Diocese of Toledo, Ohio

Browsing From the Pastor

A Goal Toward Which Living in the Spirit of Thanksgiving Directs Us

   We all have down times in our lives. Perhaps we wish that we could be in the shoes of others. From our vantage point, others seem to be so much better off than are we. They enjoy good health, are endowed with skills for which they are generously compensated, are blessed with a stable and loving family, enjoy popularity and have a secure economic future.

   What we can easily overlook are the burdens that people who seem to be well off have to carry. Heavy responsibilities often come to persons who are generously endowed. If only we knew what persons who seem to be well off have to carry, we would not want to be in their shoes. 

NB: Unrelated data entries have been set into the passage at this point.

(* Let $X$ be a real reflexive Banach space, and let $\mathcal{H}$, $\mathcal{A}$, $\mathcal{H}_{\ast\le}$, $\mathcal{H}_{\ast\ge}$ be as in the context. Then: (i) $\mathcal{A}$ maps $\mathcal{H}$ into $\mathcal{H}_{\ast\le}$, and the map $h\mapsto(\mathcal{A}h)^{\ast}\circ i$ maps $\mathcal{H}$ into $\mathcal{H}_{\ast\ge}$. (ii) The set of fixed points of $\mathcal{A}$ is $\{h\in\mathcal{H}_{\ast\le}: h^{\ast}\circ i=h \text{ on } \mathrm{dom}(h)\}$. (iii) For every $h\in\mathcal{H}$ and every $n\ge1$, $\mathrm{dom}(\mathcal{A}^n h)=\mathrm{dom}(h)\cap\mathrm{dom}(h^{\ast}\circ i)$. (iv) For every $h\in\mathcal{H}$, the sequences $\{\mathcal{A}^n h\}_{n\ge1}\subset\mathcal{H}_{\ast\le}$ and $\{(\mathcal{A}^n h)^{\ast}\circ i\}_{n\ge1}\subset\mathcal{H}_{\ast\ge}$ are pointwise non-increasing and non-decreasing, respectively. Their pointwise limit $\mathcal{A}^{\infty}h:=\lim_{n}\mathcal{A}^n h$ satisfies $\mathrm{dom}(\mathcal{A}^{\infty}h)=\mathrm{dom}(h)\cap\mathrm{dom}(h^{\ast}\circ i)$, and if $\mathcal{A}^{\infty}h$ is lower semicontinuous then it is a fixed point of $\mathcal{A}$. (v) For every $h\in\mathcal{H}$ and every $n\ge1$, $(\mathcal{A}^n h)^{\ast}\circ i\le\mathcal{A}^{\infty}h\le\mathcal{A}^n h$. (vi) For every $h\in\mathcal{H}$, the sequence $\{(\mathcal{A}^n h)^{\ast}\circ i\}_{n\ge1}$ converges pointwise to $\mathcal{A}^{\infty}h$ on $\mathrm{dom}(h)\cap\mathrm{dom}(h^{\ast}\circ i)$. (vii) If $T:X\rightrightarrows X^{\ast}$ is maximally monotone, $h\in\mathcal{H}(T)$, and $\mathcal{A}^{\infty}h$ is lower semicontinuous, then $\mathcal{A}^{\infty}h\in\mathcal{H}(T)$.
   Context: $X^{\ast}$ is the dual of $X$ with pairing $\langle\cdot,\cdot\rangle$. The dual of $X\times X^{\ast}$ is identified with $X^{\ast}\times X$ via $\langle (x,x^{\ast}),(y^{\ast},y)\rangle=\langle x,y^{\ast}\rangle+\langle y,x^{\ast}\rangle$; for $g:X\times X^{\ast}\to\mathbb{R}\cup\{+\infty\}$, its conjugate is $g^{\ast}(y^{\ast},y)=\sup_{(x,x^{\ast})}\{\langle x,y^{\ast}\rangle+\langle y,x^{\ast}\rangle-g(x,x^{\ast})\}$. Let $i:X\times X^{\ast}\to X^{\ast}\times X$, $i(x,x^{\ast})=(x^{\ast},x)$, so $g^{\ast}\circ i$ is a function on $X\times X^{\ast}$. For a maximally monotone $T:X\rightrightarrows X^{\ast}$, $\mathcal{H}(T)$ is the family of lower semicontinuous convex functions $h:X\times X^{\ast}\to\mathbb{R}\cup\{+\infty\}$ with $h(x,x^{\ast})\ge\langle x,x^{\ast}\rangle$ everywhere and $h(x,x^{\ast})=\langle x,x^{\ast}\rangle$ whenever $x^{\ast}\in T(x)$. $\mathcal{H}:=\bigcup\{\mathcal{H}(T): T \text{ maximally monotone}\}$. The map $\mathcal{A}:\mathcal{H}\to\mathcal{H}$ is $\mathcal{A}h:=\tfrac12(h+h^{\ast}\circ i)$ (it is known that $\mathcal{A}h\in\mathcal{H}(T)$ whenever $h\in\mathcal{H}(T)$), and $\mathcal{A}^n$ denotes its $n$-th iterate. $\mathcal{H}_{\ast\le}:=\{h\in\mathcal{H}: h^{\ast}\circ i\le h\}$ and $\mathcal{H}_{\ast\ge}:=\{h\in\mathcal{H}: h^{\ast}\circ i\ge h\}$. $\mathrm{dom}(g)=\{z: g(z)<+\infty\}$. *)

theory Defs
  imports "HOL-Analysis.Analysis"
begin

text \<open>The dual space of X is \<open>'a \<Rightarrow>\<^sub>L real\<close> (bounded linear functionals with the operator norm);
  the pairing is \<open>\<langle>x, x'\<rangle> = blinfun_apply x' x\<close>.  Functions into \<open>\<real> \<union> {+\<infinity>}\<close> are modelled
  as ereal-valued functions.\<close>

definition canon_emb :: "'a::real_normed_vector \<Rightarrow> (('a \<Rightarrow>\<^sub>L real) \<Rightarrow>\<^sub>L real)" where
  "canon_emb x = Blinfun (\<lambda>f. blinfun_apply f x)"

   Sometimes as we look around, we marvel at how others manage to carry on in such an upbeat spirit, given the challenging circumstances with which they have to live. I still marvel at how an outgoing lady who developed multiple sclerosis managed to live in such an upbeat spirit in her confinement to her home. Perhaps we say to ourselves that if we had to live with what Donna or Jack are experiencing, it would drive us up a wall.

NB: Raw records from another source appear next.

(* Let $N\ge 2$, $p\ge 2$, let $\Omega\subset\mathbb{R}^N$ be a radially symmetric domain and let $V\in C(\Omega)$ with $V\ge 0$ in $\Omega$. Let $u,v$ be radial functions of class $C^2$ in $\Omega$ such that $$0<v\le u\quad\text{in }\Omega$$ and $$u'\le v'<0\ \text{ in }\Omega\qquad\text{or}\qquad u'\ge v'>0\ \text{ in }\Omega .$$ If $u$ is a subsolution and $v$ is a supersolution of the equation $-\Delta_p w-V|w|^{p-2}w=0$ in $\Omega$, then $u-v$ is a subsolution of this equation in $\Omega$.
   Context: Here $\Delta_p w=\nabla\cdot(|\nabla w|^{p-2}\nabla w)$ is the $p$-Laplacian. Sub- and supersolutions are understood in the classical sense: a $C^2$ function $w$ on $\Omega$ is a subsolution (resp. supersolution) if $-\Delta_p w-V|w|^{p-2}w\le 0$ (resp. $\ge 0$) pointwise in $\Omega$. A radial function $w(x)=\phi(|x|)$ is identified with $\phi$, and $w'$ denotes $\phi'(r)$, the derivative with respect to $r=|x|$. A domain is a connected open set. *)

theory Defs
  imports "HOL-Analysis.Analysis"
begin

text \<open>Points of R^N are vectors of type real^'n, N = CARD('n).\<close>


definition pd :: "'n::finite \<Rightarrow> (real^'n \<Rightarrow> real) \<Rightarrow> real^'n \<Rightarrow> real" where
  "pd i w x = frechet_derivative w (at x) (axis i 1)"

definition grad :: "(real^'n::finite \<Rightarrow> real) \<Rightarrow> real^'n \<Rightarrow> real^'n" where
  "grad w x = (\<chi> i. pd i w x)"

definition C2_on :: "(real^'n::finite) set \<Rightarrow> (real^'n \<Rightarrow> real) \<Rightarrow> bool" where
  "C2_on \<Omega> w \<longleftrightarrow> w differentiable_on \<Omega>
     \<and> (\<forall>i. (pd i w) differentiable_on \<Omega>)
     \<and> (\<forall>i j. continuous_on \<Omega> (pd j (pd i w)))"

definition p_laplacian :: "real \<Rightarrow> (real^'n::finite \<Rightarrow> real) \<Rightarrow> real^'n \<Rightarrow> real" where
  "p_laplacian p w x = (\<Sum>i\<in>UNIV. pd i (\<lambda>y. norm (grad w y) powr (p - 2) * grad w y $ i) x)"

definition radially_symmetric_domain :: "(real^'n::finite) set \<Rightarrow> bool" where
  "radially_symmetric_domain \<Omega> \<longleftrightarrow> open \<Omega> \<and> connected \<Omega> \<and>
     (\<forall>x\<in>\<Omega>. \<forall>y. norm y = norm x \<longrightarrow> y \<in> \<Omega>)"

definition radial_on :: "(real^'n::finite) set \<Rightarrow> (real^'n \<Rightarrow> real) \<Rightarrow> bool" where
  "radial_on \<Omega> w \<longleftrightarrow> (\<forall>x\<in>\<Omega>. \<forall>y\<in>\<Omega>. norm x = norm y \<longrightarrow> w x = w y)"

text \<open>Radial derivative w'(|x|) = grad w(x) . x/|x| (derivative in r).\<close>
definition rad_deriv :: "(real^'n::finite \<Rightarrow> real) \<Rightarrow> real^'n \<Rightarrow> real" where
  "rad_deriv w x = grad w x \<bullet> (x /\<^sub>R norm x)"

definition subsolution :: "real \<Rightarrow> (real^'n::finite \<Rightarrow> real) \<Rightarrow> (real^'n) set \<Rightarrow> (real^'n \<Rightarrow> real) \<Rightarrow> bool" where
  "subsolution p V \<Omega> w \<longleftrightarrow> C2_on \<Omega> w \<and>
     (\<forall>x\<in>\<Omega>. - p_laplacian p w x - V x * \<bar>w x\<bar> powr (p - 2) * w x \<le> 0)"

definition supersolution :: "real \<Rightarrow> (real^'n::finite \<Rightarrow> real) \<Rightarrow> (real^'n) set \<Rightarrow> (real^'n \<Rightarrow> real) \<Rightarrow> bool" where
  "supersolution p V \<Omega> w \<longleftrightarrow> C2_on \<Omega> w \<and>
     (\<forall>x\<in>\<Omega>. - p_laplacian p w x - V x * \<bar>w x\<bar> powr (p - 2) * w x \<ge> 0)"

end

(* For a radial function w with radial derivatives w', w'' and r = |x|,
     \<Delta>_p w = phi_p'(w') w'' + (N - 1)/r phi_p(w'),   phi_p(t) = |t|^(p-2) t.
   For p > 2 this is |w'|^(p-2) ((p - 1) w'' + (N - 1)/r w'): a power of |w'| times an
   expression linear in (w', w''). Dividing the inequalities for u and v by |u'|^(p-2) and
   |v'|^(p-2), subtracting, and multiplying by |u' - v'|^(p-2) bounds -\<Delta>_p(u - v) by
   V |u' - v'|^(p-2) (u^(p-1)/|u'|^(p-2) - v^(p-1)/|v'|^(p-2)).  The sign hypothesis gives
   |u'| = |v'| + |u' - v'|, and the perspective x^(p-1)/a^(p-2) of a convex power is
   subadditive, so this is at most V (u - v)^(p-1).  For p = 2 the operator is linear. *)

theory Submission
  imports Defs
begin
(* Let $I$, $\tilde I$, $h$, $h_A$ satisfy the compatibility assumption in the context, and let $\Rightarrow_t$, $\Rightarrow_e$ be as in the context with the witness set $W_{\tilde s'}$ taken to be the set of all temporal paths of $\tilde I$ from a state of $\tilde S_0$ to $\tilde s'$. Let $\tilde\pi=\tilde s_1\to\cdots\to\tilde s_n$ be a path in $\tilde I$ with temporal edges $\tilde s_k\xrightarrow{\tilde\alpha_{k+1}}\tilde s_{k+1}$ and/or epistemic edges $\tilde s_k\sim_a\tilde s_{k+1}$. Suppose there are concrete states $s_1,\dots,s_n$ with $h(s_k)=\tilde s_k$ for all $k$ such that for each temporal edge $\tau(\alpha_{k+1},s_k)=s_{k+1}$ for some $\alpha_{k+1}$ with $h_A(\alpha_{k+1})=\tilde\alpha_{k+1}$, and for each epistemic edge $l_a(s_k)=l_a(s_{k+1})$ and $s_{k+1}$ is reachable in $I$. If $s_1\in st_1\subseteq h^{-1}(\tilde s_1)$, then $(\tilde\pi,st_1)\Rightarrow^*(\tilde s_n,st_n)$ for some $st_n$ with $s_n\in st_n$; in particular $st_n\neq\emptyset$.
   Context: $I$ and $\tilde I$ are interpreted systems over the same agents (global states $S,\tilde S$ with $l_a(s)$ the local state of agent $a$; initial states $S_0,\tilde S_0$; partial transition functions $\tau,\tilde\tau$); a state of $I$ is reachable if obtained from $S_0$ by finitely many transitions. $h:S\to\tilde S$ and $h_A:ACT\to\widetilde{ACT}$ are given functions satisfying the compatibility assumption: $h(S_0)\subseteq\tilde S_0$, and whenever $\tau(\alpha,s)$ is defined, $\tilde\tau(h_A(\alpha),h(s))=h(\tau(\alpha,s))$ (this holds for the variable-hiding abstraction of the paper). For $st\subseteq S$ let $L_a(st)=\{l_a(s)\mid s\in st\}$ and $\Theta_\alpha(st)=\{\tau(\alpha,s)\mid s\in st,\ \tau(\alpha,s)\text{ defined}\}$. Paths in $\tilde I$ are written with first edge followed by the rest: $e\,\|\,\pi$; a path of length zero is a state. Rule TemporalCheck: $(\tilde s\xrightarrow{\tilde\alpha}\tilde s'\,\|\,\pi,st)\Rightarrow_t(\pi,\bigcup_{\alpha\in h_A^{-1}(\tilde\alpha)}\Theta_\alpha(st)\cap h^{-1}(\tilde s'))$; $\Rightarrow_t^*$ is a finite sequence of such steps. Rule EpistemicCheck: given a set $W_{\tilde s'}$ of temporal paths $\pi'=\tilde s'_0\xrightarrow{\tilde\alpha'_1}\cdots\xrightarrow{\tilde\alpha'_m}\tilde s'$ with $\tilde s'_0\in\tilde S_0$, let $st'=\bigcup_{\pi'\in W_{\tilde s'}}\{X\mid(\pi',S_0\cap h^{-1}(\tilde s'_0))\Rightarrow_t^*(\tilde s',X)\}$; then $(\tilde s\sim_a\tilde s'\,\|\,\pi,st)\Rightarrow_e(\pi,\hat{st})$ with $\hat{st}=\{s\in st'\mid l_a(s)\in L_a(st)\}$. $\Rightarrow^*$ denotes a finite sequence of $\Rightarrow_t$ and $\Rightarrow_e$ steps. *)

theory Defs
  imports Main
begin

text \<open>An interpreted system is given by its initial states S0 (a set of global
states; the global state space is the whole type), a partial transition
function tau (None = undefined) and local-state functions l a.\<close>

inductive_set reachable :: "'s set \<Rightarrow> ('act \<Rightarrow> 's \<Rightarrow> 's option) \<Rightarrow> 's set"
  for S0 tau where
  init: "s \<in> S0 \<Longrightarrow> s \<in> reachable S0 tau"
| step: "s \<in> reachable S0 tau \<Longrightarrow> tau \<alpha> s = Some s' \<Longrightarrow> s' \<in> reachable S0 tau"

datatype ('aact, 'ag) elabel = Temp 'aact | Epi 'ag

text \<open>A path is a first state followed by a list of (label, next state) edges.
A path of length zero is (s, []).\<close>
type_synonym ('t, 'aact, 'ag) apath = "'t \<times> (('aact, 'ag) elabel \<times> 't) list"

definition path_states :: "('t, 'aact, 'ag) apath \<Rightarrow> 't list" where
  "path_states p = fst p # map snd (snd p)"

   Something that any of us can easily overlook is that persons around us are equipped by the Lord for the circumstances with which they have to live. The Lord never allows anyone to be tested beyond her/his strength.

   Even as people around us are equipped for that with which they have to live, so are we. The Lord equips us in the following ways for the settings in which we live and develop. First, each of us is made for the time in which we now are living. This is what we have in common with all with whom we live and associate, regardless of our age. As one of us, the Lord Himself was made for the time in which He lived.

   The Lord equips us in and through the particular persons whom He has placed in our lives. This includes our immediate and extended family, parishioners, classmates, fellow workers, friends, enemies, people in our neighborhood and through many others. We graciously accept the Lord’s guidance in our lives as we strive to relate to others as the Lord leads us to do this.

   We are equipped for our common journey of life as we discover and work to develop and to use the skills and abilities with which we have been blessed for the common good. Prayer enables us to use our gifts and abilities as the Lord wants this to happen.

   A most painful way in which the Lord equips us for living effectively in His eyes is in a growing awareness and acceptance of that which limits or restricts us. This was hard for persons such as Moses, our Lord, our Blessed Mother, St. Catherine, St. Maria Goretti, Pope St. John XXIII and for each of us. In our life times, as was the case with the persons I’ve just mentioned, we may not personally realize or experience that for which we have hoped and for which we have dedicated our lives. A goal for which I have yearned is that the Catholic and Lutheran faith communities will share together in the Eucharist. This will probably not happen in my life time.   

   As we graciously accept those ways in which the Lord equips us to go forward, we will not want to be in anyone else’s shoes. We will be able to embrace life as it comes to us. We will graciously accept that on this side of death, we may not experience that for which we yearn and for which we have worked hard. May our consolation and on-going basis for giving thanks reside in the hope that the Lord would work through whatever influence that we have in the lives of others to point them in the direction in which He wants all of us to develop.